III. BRIEF DESCRIPTION OF THE DRAWINGS

FIG. 1 is a plan view of a cardiac electrode assembly according to the present invention;

FIG. 1A is a view of an alternative embodiment of a connector for the electrode assembly of FIG. 1;

FIG. 2 is an electrical schematic representation of the electrical components of the electrode assembly of FIG. 1;

FIG. 2A is an electrical schematic representation of the electrical components of the electrode assembly of FIG. 1 adapted with the connector of FIG. 1A;

FIG. 3 is a schematic presentation of the electrode assembly of FIG. 1 operatively positioned on the epicardial surface of a patient's heart;

FIG. 4 is a cross sectional view of a heart showing the electrode assembly of FIG. 1 placed on the heart with an alternative placement having at least one of the electrodes of FIG. 1 imbedded within the tissue of the heart;

FIG. 5 is a table showing alternative polarization of the electrodes of the electrode assembly of FIG. 1;

FIG. 6 is a schematic representation of an external controller having wireless transmission to an implanted member for pacing the electrodes of FIG. 1 in an alternative embodiment;

FIG. 7 is a schematic representation of a wireless control for independently controlling each of the independent electrodes on a surface of a heart;

FIG. 8 is a schematic representation of the circuitry of the electrode assembly of FIG. 1 adapted to provide time delay between the energizing of secondary electrodes.

FIG. 9 illustrates placement of electrodes on a carrier surrounding a heart;

FIG. 10 illustrates placement of an array of electrodes on a carrier surrounding a heart;

FIG. 11 illustrates the array of electrodes of FIG. 10 in a row and column format;

FIG. 12 shows the electrode array of FIG. 11 electrically connected to a controller;

FIG. 13A illustrates the electrodes of FIG. 1 energized with a field between electrode pairs E₁, E₂;

FIG. 13B illustrates the electrodes of FIG. 12A with the fields shifted between electrodes E₁, E₃; and

FIG. 13C is a view of FIG. 12A with a field shifted between electrode pairs E₁, E₄.

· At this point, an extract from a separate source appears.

(* Let $N$ be a natural number, $\delta\subseteq{}^{\underline N}2$ and $0<k<N$. Then $\mathrm{HN}(\delta)>k$ if and only if there is $\delta^*\subseteq{}^{\underline N}2$ such that $\delta\preceq\delta^*$ and the elements of $\delta^*$ have pairwise disjoint domains, each of size $k$. In particular, if there is a $k$-selector for $\delta$, then $\mathrm{HN}(\delta)\geq k+1$.
   Context: $N=\{0,\ldots,N-1\}$; ${}^{\underline N}2$ is the set of all partial functions $\sigma$ with $\mathrm{dom}(\sigma)\subseteq N$ and values in $\{0,1\}$ (the empty function included). For $\delta_1,\delta_2\subseteq{}^{\underline N}2$, $\delta_1\preceq\delta_2$ means that for every $\sigma\in\delta_1$ there is $\rho\in\delta_2$ with $\rho\subseteq\sigma$. For $\delta\subseteq{}^{\underline N}2$, $\mathrm{hn}(\delta)$ is the maximum of $k+1$ over those $k\in\{0,\ldots,N-1\}$ such that for every $\delta'\subseteq\delta$ there is $\delta''\subseteq\delta'$ whose elements have pairwise disjoint domains and $|\bigcup_{\sigma\in\delta''}\mathrm{dom}(\sigma)|\geq k|\delta'|$; and $\mathrm{HN}(\delta)=\max\{\mathrm{hn}(\delta'):\delta'\subseteq{}^{\underline N}2,\ \delta\preceq\delta'\}$. A $k$-selector for $\delta$ is a function $F$ from $\delta$ to $k$-element subsets of $N$ such that for $\sigma,\rho\in\delta$: $F(\sigma)\subseteq\mathrm{dom}(\sigma)$, and $F(\sigma)\cap F(\rho)=\emptyset$ iff $\sigma\neq\rho$. *)

theory Defs
  imports Main
begin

IV. DETAILED DESCRIPTION OF THE PREFERRED EMBODIMENT

With reference now to the various drawing figures in which identical elements are numbered identically throughout, a description of a preferred embodiment of the present invention will now be provided. The following patents and published applications, described elsewhere in this application, are incorporated herein by reference: U.S. Pat. No. 6,907,285 issued Jun. 14, 2005; U.S. Pat. No. 6,893,392 issued May 17, 2005; U.S. Pat. No. 5,702,343 issued Dec. 30, 1997; U.S. Pat. No. 6,123,662 issued Sep. 26, 2000; U.S. Pat. No. 6,482,146 issued Nov. 19, 2002; U.S. Pat. No. 6,730,016 issued May 4, 2004; U.S. Pat. No. 6,425,856 issued Jul. 30, 2002; U.S. Pat. No. 6,572,533 issued Jun. 3, 2003; and U.S. patent application Ser. No. 10/165,504 filed Jun. 7, 2002 and published Dec. 12, 2003 as Publication No. 2003-0229265A1.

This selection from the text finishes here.